I left my rejoicing relatives. Whoopee-dee-do. Lucky break.
Two weeks pass; Grandpa continued to be more grateful, even as he got weaker; Steve continued to visit him, read the Bible and pray with him; I continued to play Cinderella the drudge.
It was two o’clock in the morning and Mom, Grandpa, and I were still awake. He was restless, confused and not very responsive. Mom was on the phone with the hospice nurse, who told her that the end is getting closer.
Mom gave him the prescribed medication to help calm him and ease any pain. I turned on a song from a CD that Steve brought a few hours before to help him sleep; Chris Rice’s Untitled Hymn. “Come to Jesus” the songs said as it repeated over and over through the night.
The sun came up, and Grandpa was quiet under the medication. It’s Friday, which means he should get a bath.
Even though we’d done sponge baths until it was routine, today was different. As we washed the hollow of his collar bone and rubbed lotion over his sun-spotted back, there was something hallowed about it. Something worshipful.
Two of my tears splashed on the taut skin of his chest. I didn’t dry them off. I rubbed them in over his heart.
The bell didn’t ring all day.
But the song continued to say “Come to Jesus.”
Steve visited—he was quiet, but I knew he was saying goodbye.
As we headed into night again, I sat by Grandpa so Mom could take a cat-nap. His breath came in rattling spurts.
Suddenly, I realized I hadn’t heard him breathe in a few minutes. I leaned closer and heard only a faint sound.
I ran down the hall. “Mom!” She met me half way. I choked on the words. “I can barely hear him breathing.”
Mom grabbed her stethoscope. She put it over his heart and listened for a minute. “His pulse is slow and weak.”
She kept the stethoscope on his chest.
Then she took it off.
“Those were his last heart beats. He’s with Jesus.”
I stared at the shell of my grandfather’s body. It looked peaceful. But he was not there.
Tears trickled down Mom’s face as we held each other. I felt relieved, though—I didn’t have to worry about him anymore.

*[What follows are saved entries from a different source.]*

(*
  Only the Lyapunov inequality V' <= -alpha_V V + sigma is used: the observer dynamics and
  A1-A3 are what the paper needs to establish it.
  With the integrating factor exp (alpha_V t) the inequality gives
  V t <= (V 0 - sigma/alpha_V) exp (-alpha_V t) + sigma/alpha_V.
  Each error is controlled by V: M >= m I bounds the quadratic term below by (m/2) |e|^2, and
  the Bregman divergence of the elastic-net map splits into the weighted quadratic form
  (beta/2) sum_k xi_k d_k^2 >= (beta/2) (min xi) |d|^2 plus a multiple of the Bregman divergence
  of w |-> sqrt (|w|^2 + eps), which is nonnegative by convexity. Since exp (-alpha_V t) -> 0,
  each squared error eventually lies within any eps of its gain times sigma/alpha_V.
*)
theory Submission
  imports Defs
begin

(* Cauchy-Schwarz for the augmented vectors (w', sqrt eps) and (w, sqrt eps). *)
lemma inner_add_le_sqrt_mult:
  fixes w w' :: "'a::real_inner"
  assumes "\<epsilon> \<ge> 0"
  shows "w' \<bullet> w + \<epsilon> \<le> sqrt (w' \<bullet> w' + \<epsilon>) * sqrt (w \<bullet> w + \<epsilon>)"
  using norm_cauchy_schwarz[of "(w', sqrt \<epsilon>)" "(w, sqrt \<epsilon>)"] assms
  by (simp add: norm_prod_def power2_norm_eq_inner)

lemma sqrt_inner_tangent_le:
  fixes w w' :: "'a::real_inner"
  assumes "\<epsilon> > 0"
  shows "sqrt (w' \<bullet> w' + \<epsilon>) + w' \<bullet> (w - w') / sqrt (w' \<bullet> w' + \<epsilon>) \<le> sqrt (w \<bullet> w + \<epsilon>)"
proof -
  define S' where "S' = sqrt (w' \<bullet> w' + \<epsilon>)"
  have "S' > 0" using assms by (simp add: S'_def add_nonneg_pos)
  moreover have "S' * S' = w' \<bullet> w' + \<epsilon>"
    using assms by (simp add: S'_def add_nonneg_pos less_imp_le)
  ultimately have "S' + w' \<bullet> (w - w') / S' = (w' \<bullet> w + \<epsilon>) / S'"
    by (simp add: field_simps inner_diff_right)
  also have "\<dots> \<le> sqrt (w \<bullet> w + \<epsilon>)"
    using inner_add_le_sqrt_mult[of \<epsilon> w' w] assms \<open>S' > 0\<close>
    by (simp add: S'_def divide_le_eq mult.commute)
  finally show ?thesis unfolding S'_def .
qed

lemma enet_col_eq:
  "enet_col \<beta> \<alpha> \<epsilon> \<xi> w = \<beta> / 2 * (\<Sum>i\<in>UNIV. \<xi> $ i * (w $ i)\<^sup>2) + \<alpha> * sqrt (w \<bullet> w + \<epsilon>)"
proof -
  have "w \<bullet> (diagm \<xi> *v w) = (\<Sum>i\<in>UNIV. \<xi> $ i * (w $ i)\<^sup>2)"
    by (simp add: diagm_def inner_vec_def matrix_vector_mult_def power2_eq_square
        if_distrib[of "\<lambda>c. c * _"] sum.delta mult.left_commute cong: if_cong)
  then show ?thesis by (simp add: enet_col_def power2_norm_eq_inner)
qed

lemma has_derivative_enet_col:
  assumes "\<epsilon> > 0"
  shows "(enet_col \<beta> \<alpha> \<epsilon> \<xi> has_derivative
           (\<lambda>v. \<beta> * (\<Sum>i\<in>UNIV. \<xi> $ i * w $ i * v $ i) + \<alpha> * (w \<bullet> v) / sqrt (w \<bullet> w + \<epsilon>))) (at w)"
proof -
  have pos: "0 < w \<bullet> w + \<epsilon>" using assms by (simp add: add_nonneg_pos)
  show ?thesis
    unfolding enet_col_eq[abs_def]
    apply (rule has_derivative_eq_rhs)
     apply (rule derivative_eq_intros bounded_linear.has_derivative[OF bounded_linear_vec_nth] refl | simp add: pos)+
    apply (rule ext)
    subgoal for v
    proof -
      have "(\<Sum>i\<in>UNIV. \<xi> $ i * (2 * v $ i * w $ i)) = 2 * (\<Sum>i\<in>UNIV. \<xi> $ i * w $ i * v $ i)"
        unfolding sum_distrib_left by (rule sum.cong) auto
      then show ?thesis by (simp add: inner_commute[of v w]) (metis divide_inverse mult.assoc)
    qed
    done
qed

lemma bregman_enet_col:
  assumes "\<epsilon> > 0"
  shows "bregman (enet_col \<beta> \<alpha> \<epsilon> \<xi>) w w'
    = \<beta> / 2 * (\<Sum>i\<in>UNIV. \<xi> $ i * ((w - w') $ i)\<^sup>2)
      + \<alpha> * (sqrt (w \<bullet> w + \<epsilon>) - sqrt (w' \<bullet> w' + \<epsilon>) - w' \<bullet> (w - w') / sqrt (w' \<bullet> w' + \<epsilon>))"
proof -
  have quadratic_part: "(\<Sum>i\<in>UNIV. \<xi> $ i * (w $ i)\<^sup>2) - (\<Sum>i\<in>UNIV. \<xi> $ i * (w' $ i)\<^sup>2)
      - 2 * (\<Sum>i\<in>UNIV. \<xi> $ i * w' $ i * (w - w') $ i) = (\<Sum>i\<in>UNIV. \<xi> $ i * ((w - w') $ i)\<^sup>2)"
    unfolding sum_distrib_left sum_subtractf[symmetric]
    by (rule sum.cong) (auto simp: power2_eq_square algebra_simps)
  have "bregman (enet_col \<beta> \<alpha> \<epsilon> \<xi>) w w'
    = \<beta> / 2 * ((\<Sum>i\<in>UNIV. \<xi> $ i * (w $ i)\<^sup>2) - (\<Sum>i\<in>UNIV. \<xi> $ i * (w' $ i)\<^sup>2)
      - 2 * (\<Sum>i\<in>UNIV. \<xi> $ i * w' $ i * (w - w') $ i))
      + \<alpha> * (sqrt (w \<bullet> w + \<epsilon>) - sqrt (w' \<bullet> w' + \<epsilon>) - w' \<bullet> (w - w') / sqrt (w' \<bullet> w' + \<epsilon>))"
    unfolding bregman_def
    unfolding frechet_derivative_at[OF has_derivative_enet_col[OF assms], symmetric] enet_col_eq
    by (simp add: algebra_simps)
  then show ?thesis unfolding quadratic_part .
qed

lemma bregman_enet_col_ge:
  assumes "\<beta> \<ge> 0" "\<alpha> \<ge> 0" "\<epsilon> > 0"
  shows "\<beta> / 2 * Min (range (\<lambda>k. \<xi> $ k)) * (norm (w - w'))\<^sup>2 \<le> bregman (enet_col \<beta> \<alpha> \<epsilon> \<xi>) w w'"
proof -
  have "Min (range (\<lambda>k. \<xi> $ k)) * (norm (w - w'))\<^sup>2 = (\<Sum>i\<in>UNIV. Min (range (\<lambda>k. \<xi> $ k)) * ((w - w') $ i)\<^sup>2)"
    unfolding power2_norm_eq_inner inner_vec_def sum_distrib_left by (simp add: power2_eq_square)
  also have "\<dots> \<le> (\<Sum>i\<in>UNIV. \<xi> $ i * ((w - w') $ i)\<^sup>2)"
    by (intro sum_mono mult_right_mono Min_le) auto
  finally have "\<beta> / 2 * Min (range (\<lambda>k. \<xi> $ k)) * (norm (w - w'))\<^sup>2 \<le> \<beta> / 2 * (\<Sum>i\<in>UNIV. \<xi> $ i * ((w - w') $ i)\<^sup>2)"
    using assms(1) by (simp add: mult.assoc mult_left_mono)
  moreover have "0 \<le> \<alpha> * (sqrt (w \<bullet> w + \<epsilon>) - sqrt (w' \<bullet> w' + \<epsilon>) - w' \<bullet> (w - w') / sqrt (w' \<bullet> w' + \<epsilon>))"
    using sqrt_inner_tangent_le[OF assms(3), of w' w] assms(2) by simp
  ultimately show ?thesis unfolding bregman_enet_col[OF assms(3)] by linarith
qed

Then I realized that the relief is because I believed. I knew Grandpa was safe and well because I believed in the Jesus who changed Grandpa’s heart.
As Mom called the mortuary, I called Steve.
“Hi, umm,” is all I managed before I choked.
“I’ll be right over.”
Thirty seconds later, and the tears for my grandfather I thought I would never cry, were splashing on Steve’s T-shirt.
Finally, I calmed down and we went back to Grandpa’s room. Steve wiped his eyes on his shirt cuff.
“Come to Jesus and live.” Steve repeated the words of the song which was still playing.
“I came to Jesus too,” I whispered. “I’ll see you in heaven, Grandpa.”